Dill Sebastian, Ahmadi Arjang, Grimmer Martin, Haufe Dennis, Rohr Maurice, Zhao Yanhua, Sharbafi Maziar, Hoog Antink Christoph
KIS*MED (AI Systems in Medicine), Technische Universität Darmstadt, 64283 Darmstadt, Germany.
Lauflabor (Locomotion Laboratory), Centre for Cognitive Science, Technische Universität Darmstadt, 64289 Darmstadt, Germany.
Sensors (Basel). 2024 Dec 4;24(23):7772. doi: 10.3390/s24237772.
In recent years, significant research has been conducted on video-based human pose estimation (HPE). While monocular two-dimensional (2D) HPE has been shown to achieve high performance, monocular three-dimensional (3D) HPE poses a more challenging problem. However, since human motion happens in a 3D space, 3D HPE offers a more accurate representation of the human, granting increased usability for complex tasks like analysis of physical exercise. We propose a method based on MediaPipe Pose, 2D HPE on stereo cameras and a fusion algorithm without prior stereo calibration to reconstruct 3D poses, combining the advantages of high accuracy in 2D HPE with the increased usability of 3D coordinates. We evaluate this method on a self-recorded database focused on physical exercise to research what accuracy can be achieved and whether this accuracy is sufficient to recognize errors in exercise performance. We find that our method achieves significantly improved performance compared to monocular 3D HPE (median RMSE of 30.1 compared to 56.3, -value below 10-6) and can show that the performance is sufficient for error recognition.

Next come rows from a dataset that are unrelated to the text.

(* Let $d\ge 1$, $T\ge 1$, let $\mathcal{X}\subseteq\mathbb{R}^d$ be a non-empty closed convex set containing $\mathbf{0}$, and let $0<\mu\le L$. Let $f_1,\dots,f_T:\mathcal{X}\to[0,\infty)$ be differentiable functions such that, for every $t$ and all $x,y\in\mathcal{X}$, $$\frac{\mu}{2}\|y-x\|^2\le f_t(y)-f_t(x)-\langle\nabla f_t(x),y-x\rangle\le\frac{L}{2}\|y-x\|^2 .$$ Assume that each minimizer $x_t^\star=\arg\min_{x\in\mathcal{X}}f_t(x)$ lies in the interior of $\mathcal{X}$. Let the starting point be $x_0=\mathbf{0}$, let $C_{\mathcal{A}_o}$ be the quadratic-switching cost of the OMGD algorithm with $K=\lceil\frac{L+\mu}{2\mu}\ln 4\rceil$, and let $C_{\mathsf{OPT}}$ be the optimal offline quadratic-switching cost. Then $$\frac{C_{\mathcal{A}_o}}{C_{\mathsf{OPT}}}\le 4(L+5)+\frac{16(L+5)}{\mu}.$$
   Context: $\|\cdot\|$ is the Euclidean norm and $\Pi_{\mathcal{X}}(y)=\arg\min_{z\in\mathcal{X}}\|z-y\|$ is the Euclidean projection. For a sequence $(y_1,\dots,y_T)\in\mathcal{X}^T$ with $y_0=x_0$, its quadratic-switching cost is $\sum_{t=1}^T\big(f_t(y_t)+\frac12\|y_t-y_{t-1}\|^2\big)$. $C_{\mathsf{OPT}}$ is the minimum of this cost over all $(y_1,\dots,y_T)\in\mathcal{X}^T$ (with $y_0=x_0$). The OMGD (online multiple gradient descent) algorithm with parameter $K$ produces $x_1=x_0$ and, for $t=2,\dots,T$: set $z_t^{(0)}=x_{t-1}$, for $k=1,\dots,K$ set $z_t^{(k)}=\Pi_{\mathcal{X}}\big(z_t^{(k-1)}-\frac1L\nabla f_{t-1}(z_t^{(k-1)})\big)$, and set $x_t=z_t^{(K)}$. $C_{\mathcal{A}_o}$ is the quadratic-switching cost of $(x_1,\dots,x_T)$. *)

theory Defs
  imports "HOL-Analysis.Analysis"
begin

definition pgd_step :: "'a::euclidean_space set \<Rightarrow> real \<Rightarrow> (nat \<Rightarrow> 'a \<Rightarrow> 'a) \<Rightarrow> nat \<Rightarrow> 'a \<Rightarrow> 'a" where
  "pgd_step X L g t z = closest_point X (z - (1 / L) *\<^sub>R g t z)"

fun omgd :: "'a::euclidean_space set \<Rightarrow> real \<Rightarrow> (nat \<Rightarrow> 'a \<Rightarrow> 'a) \<Rightarrow> nat \<Rightarrow> 'a \<Rightarrow> nat \<Rightarrow> 'a" where
  "omgd X L g K x0 0 = x0"
| "omgd X L g K x0 (Suc 0) = x0"
| "omgd X L g K x0 (Suc (Suc n)) = (pgd_step X L g (Suc n) ^^ K) (omgd X L g K x0 (Suc n))"

definition sw_cost :: "(nat \<Rightarrow> 'a::euclidean_space \<Rightarrow> real) \<Rightarrow> nat \<Rightarrow> (nat \<Rightarrow> 'a) \<Rightarrow> real" where
  "sw_cost f T y = (\<Sum>t\<in>{1..T}. f t (y t) + (1/2) * (norm (y t - y (t - 1)))\<^sup>2)"

definition opt_cost :: "'a::euclidean_space set \<Rightarrow> (nat \<Rightarrow> 'a \<Rightarrow> real) \<Rightarrow> nat \<Rightarrow> 'a \<Rightarrow> real" where
  "opt_cost X f T x0 = Inf {sw_cost f T y | y. y 0 = x0 \<and> (\<forall>t\<in>{1..T}. y t \<in> X)}"

end

theory Submission
  imports Defs
begin

(* Each f_t attains its minimum at an interior point m_t, where its gradient vanishes, so
   f_t(m_t) + mu/2 |y - m_t|^2 <= f_t(y) <= f_t(m_t) + L/2 |y - m_t|^2.  A projected gradient step
   contracts the squared distance to m_t by (L - mu)/(L + mu), so K steps contract it by 1/4 and the
   OMGD iterate x_t tracks m_{t-1}.  Summing, the squared tracking errors |x_t - m_t|^2 are at most
   4 P, where P = sum |m_t - m_{t-1}|^2, and the online cost is at most sum f_t(m_t) + (2L + 5) P.
   Conversely, routing m_t - m_{t-1} through y_t and y_{t-1} bounds P by (2 + 8/mu) times the excess
   cost of any offline sequence y over sum f_t(m_t); and (2L + 5)(2 + 8/mu) <= 4(L + 5) + 16(L + 5)/mu. *)

subsection \<open>Strongly convex functions with an interior minimum\<close>

lemma strongly_convex_attains_min:
  fixes F :: "'a::euclidean_space \<Rightarrow> real" and G :: "'a \<Rightarrow> 'a"
  assumes X: "closed X" and a: "a \<in> X" and cont: "continuous_on X F" and mu: "0 < \<mu>"
    and sc: "\<And>x y. x \<in> X \<Longrightarrow> y \<in> X \<Longrightarrow> \<mu> / 2 * (norm (y - x))\<^sup>2 \<le> F y - F x - G x \<bullet> (y - x)"
  shows "\<exists>z\<in>X. \<forall>y\<in>X. F z \<le> F y"
proof -
  define R where "R = 2 * norm (G a) / \<mu>"
  have "compact (X \<inter> cball a R)"
    using X by (simp add: closed_Int_compact)
  moreover have "X \<inter> cball a R \<noteq> {}"
    using a mu by (auto simp: R_def)
  moreover have "continuous_on (X \<inter> cball a R) F"
    using cont by (rule continuous_on_subset) auto
  ultimately obtain z where z: "z \<in> X \<inter> cball a R" and zmin: "\<forall>y\<in>X \<inter> cball a R. F z \<le> F y"
    using continuous_attains_inf by blast
  have "F z \<le> F y" if y: "y \<in> X" for y
  proof (cases "y \<in> cball a R")
    case True
    then show ?thesis using zmin y by auto
  next
    case False
    \<comment> \<open>outside the ball the quadratic growth beats the linear term, so F y \<ge> F a\<close>
    then have "norm (G a) \<le> \<mu> / 2 * norm (y - a)"
      using mu by (simp add: R_def dist_norm norm_minus_commute field_simps)
    then have "norm (G a) * norm (y - a) \<le> \<mu> / 2 * (norm (y - a))\<^sup>2"
      by (metis mult_right_mono norm_ge_zero power2_eq_square mult.assoc)
    moreover have "- (G a \<bullet> (y - a)) \<le> norm (G a) * norm (y - a)"
      using norm_cauchy_schwarz[of "- G a" "y - a"] by simp
    moreover have "F z \<le> F a"
      using zmin a mu by (auto simp: R_def)
    ultimately show ?thesis
      using sc[OF a y] by linarith
  qed
  then show ?thesis using z by blast
qed

lemma gradient_zero_at_interior_min:
  fixes F :: "'a::euclidean_space \<Rightarrow> real"
  assumes d: "(F has_derivative (\<lambda>h. G \<bullet> h)) (at z within X)"
    and z: "z \<in> interior X" and zmin: "\<forall>y\<in>X. F z \<le> F y"
  shows "G = 0"
proof -
  have "eventually (\<lambda>y. y \<in> X) (at z within X)"
    by (simp add: eventually_at_filter)
  then have "eventually (\<lambda>y. F z \<le> F y) (at z)"
    using zmin at_within_interior[OF z] by (auto elim: eventually_mono)
  moreover have "(F has_derivative (\<lambda>h. G \<bullet> h)) (at z)"
    using d at_within_interior[OF z] by simp
  ultimately have "(\<lambda>h. G \<bullet> h) = (\<lambda>h. 0)"
    using has_derivative_local_min by blast
  then have "G \<bullet> G = 0" by metis
  then show ?thesis by simp
qed

lemma exists_stationary_minimizers:
  fixes f :: "nat \<Rightarrow> 'a::euclidean_space \<Rightarrow> real"
  assumes X: "closed X" "x0 \<in> X" and mu: "0 < \<mu>"
    and grad: "\<And>t x. t \<in> {1..T} \<Longrightarrow> x \<in> X \<Longrightarrow> (f t has_derivative (\<lambda>h. g t x \<bullet> h)) (at x within X)"
    and sc: "\<And>t x y. t \<in> {1..T} \<Longrightarrow> x \<in> X \<Longrightarrow> y \<in> X \<Longrightarrow>
               \<mu> / 2 * (norm (y - x))\<^sup>2 \<le> f t y - f t x - g t x \<bullet> (y - x)"
    and interior_min: "\<And>t x. t \<in> {1..T} \<Longrightarrow> x \<in> X \<Longrightarrow> (\<forall>y\<in>X. f t x \<le> f t y) \<Longrightarrow> x \<in> interior X"
  shows "\<exists>m. m 0 = x0 \<and> (\<forall>t\<in>{1..T}. m t \<in> X \<and> g t (m t) = 0)"
proof -
  have "\<forall>t\<in>{1..T}. \<exists>z. z \<in> X \<and> g t z = 0"
  proof
    fix t
    assume t: "t \<in> {1..T}"
    obtain z where z: "z \<in> X" and zmin: "\<forall>y\<in>X. f t z \<le> f t y"
      using strongly_convex_attains_min[OF X has_derivative_continuous_on[OF grad[OF t]] mu sc[OF t]]
      by blast
    then show "\<exists>z. z \<in> X \<and> g t z = 0"
      using gradient_zero_at_interior_min[OF grad[OF t z] interior_min[OF t z zmin] zmin] by blast
  qed
  from bchoice[OF this]
  obtain m where "\<forall>t\<in>{1..T}. m t \<in> X \<and> g t (m t) = 0"
    by blast
  \<comment> \<open>index 0 carries the start point, so that the path length of m is measured from x0\<close>
  then show ?thesis
    by (intro exI[of _ "m(0 := x0)"]) auto
qed

subsection \<open>Contraction of projected gradient descent\<close>

lemma pgd_step_sq_dist_le:
  fixes F :: "'a::euclidean_space \<Rightarrow> real" and g :: "nat \<Rightarrow> 'a \<Rightarrow> 'a"
  assumes X: "convex X" "closed X" and x: "x \<in> X" and z: "z \<in> X" and gz: "g t z = 0"
    and muL: "0 < \<mu>" "\<mu> \<le> L"
    and sc: "\<And>x y. x \<in> X \<Longrightarrow> y \<in> X \<Longrightarrow> \<mu> / 2 * (norm (y - x))\<^sup>2 \<le> F y - F x - g t x \<bullet> (y - x)"
    and sm: "\<And>x y. x \<in> X \<Longrightarrow> y \<in> X \<Longrightarrow> F y - F x - g t x \<bullet> (y - x) \<le> L / 2 * (norm (y - x))\<^sup>2"
  shows "(norm (pgd_step X L g t x - z))\<^sup>2 \<le> (L - \<mu>) / (L + \<mu>) * (norm (x - z))\<^sup>2"
proof -
  define p where "p = pgd_step X L g t x"
  define u where "u = x - z"
  define v where "v = p - z"
  have p: "p \<in> X"
    using X x closest_point_in_set by (fastforce simp: p_def pgd_step_def)
  have smooth: "F p - F x - g t x \<bullet> (v - u) \<le> L / 2 * (v \<bullet> v - 2 * (u \<bullet> v) + u \<bullet> u)"
  proof -
    have "(norm (v - u))\<^sup>2 = v \<bullet> v - 2 * (u \<bullet> v) + u \<bullet> u"
      by (simp add: power2_norm_eq_inner inner_diff_left inner_diff_right inner_commute)
    then show ?thesis using sm[OF x p] by (simp add: u_def v_def)
  qed
  have convex_xz: "\<mu> / 2 * (u \<bullet> u) \<le> F z - F x + g t x \<bullet> u"
  proof -
    have "z - x = - u" by (simp add: u_def)
    then show ?thesis using sc[OF x z] by (simp add: power2_norm_eq_inner)
  qed
  have convex_zp: "\<mu> / 2 * (v \<bullet> v) \<le> F p - F z"
    using sc[OF z p] gz by (simp add: v_def power2_norm_eq_inner)
  \<comment> \<open>variational inequality of the projection, tested at z\<close>
  have "((u - v) - (1/L) *\<^sub>R g t x) \<bullet> (- v) \<le> 0"
    using closest_point_dot[OF X z, of "x - (1/L) *\<^sub>R g t x"]
    by (simp add: p_def pgd_step_def u_def v_def algebra_simps)
  then have "v \<bullet> v + (1/L) * (g t x \<bullet> v) \<le> u \<bullet> v"
    by (simp add: inner_diff_left inner_diff_right inner_commute)
  then have proj: "L * (v \<bullet> v) - L * (u \<bullet> v) + g t x \<bullet> v \<le> 0"
    using muL by (simp add: field_simps)
  have "(L + \<mu>) * (v \<bullet> v) \<le> (L - \<mu>) * (u \<bullet> u)"
    using smooth convex_xz convex_zp proj by (simp add: inner_diff_right algebra_simps)
  then have "v \<bullet> v \<le> (L - \<mu>) / (L + \<mu>) * (u \<bullet> u)"
    using muL by (simp add: field_simps)
  then show ?thesis by (simp add: p_def u_def v_def power2_norm_eq_inner)
qed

近年来,针对基于视频的人体姿态估计(HPE)开展了大量研究。虽然单目二维(2D)HPE已被证明能实现高性能,但单目三维(3D)HPE则是一个更具挑战性的问题。然而,由于人体运动发生在三维空间中,3D HPE能更准确地呈现人体,为诸如体育锻炼分析等复杂任务提供了更高的可用性。我们提出了一种基于MediaPipe Pose、立体摄像机上的2D HPE以及一种无需预先进行立体校准的融合算法来重建3D姿态的方法,该方法结合了2D HPE的高精度优势和3D坐标更高的可用性。我们在一个专注于体育锻炼的自记录数据库上评估此方法,以研究能达到何种精度以及该精度是否足以识别锻炼表现中的错误。我们发现,与单目3D HPE相比,我们的方法实现了显著的性能提升(中位数均方根误差为30.1,而单目3D HPE为56.3,p值低于10 - 6),并且能够证明该性能足以进行错误识别。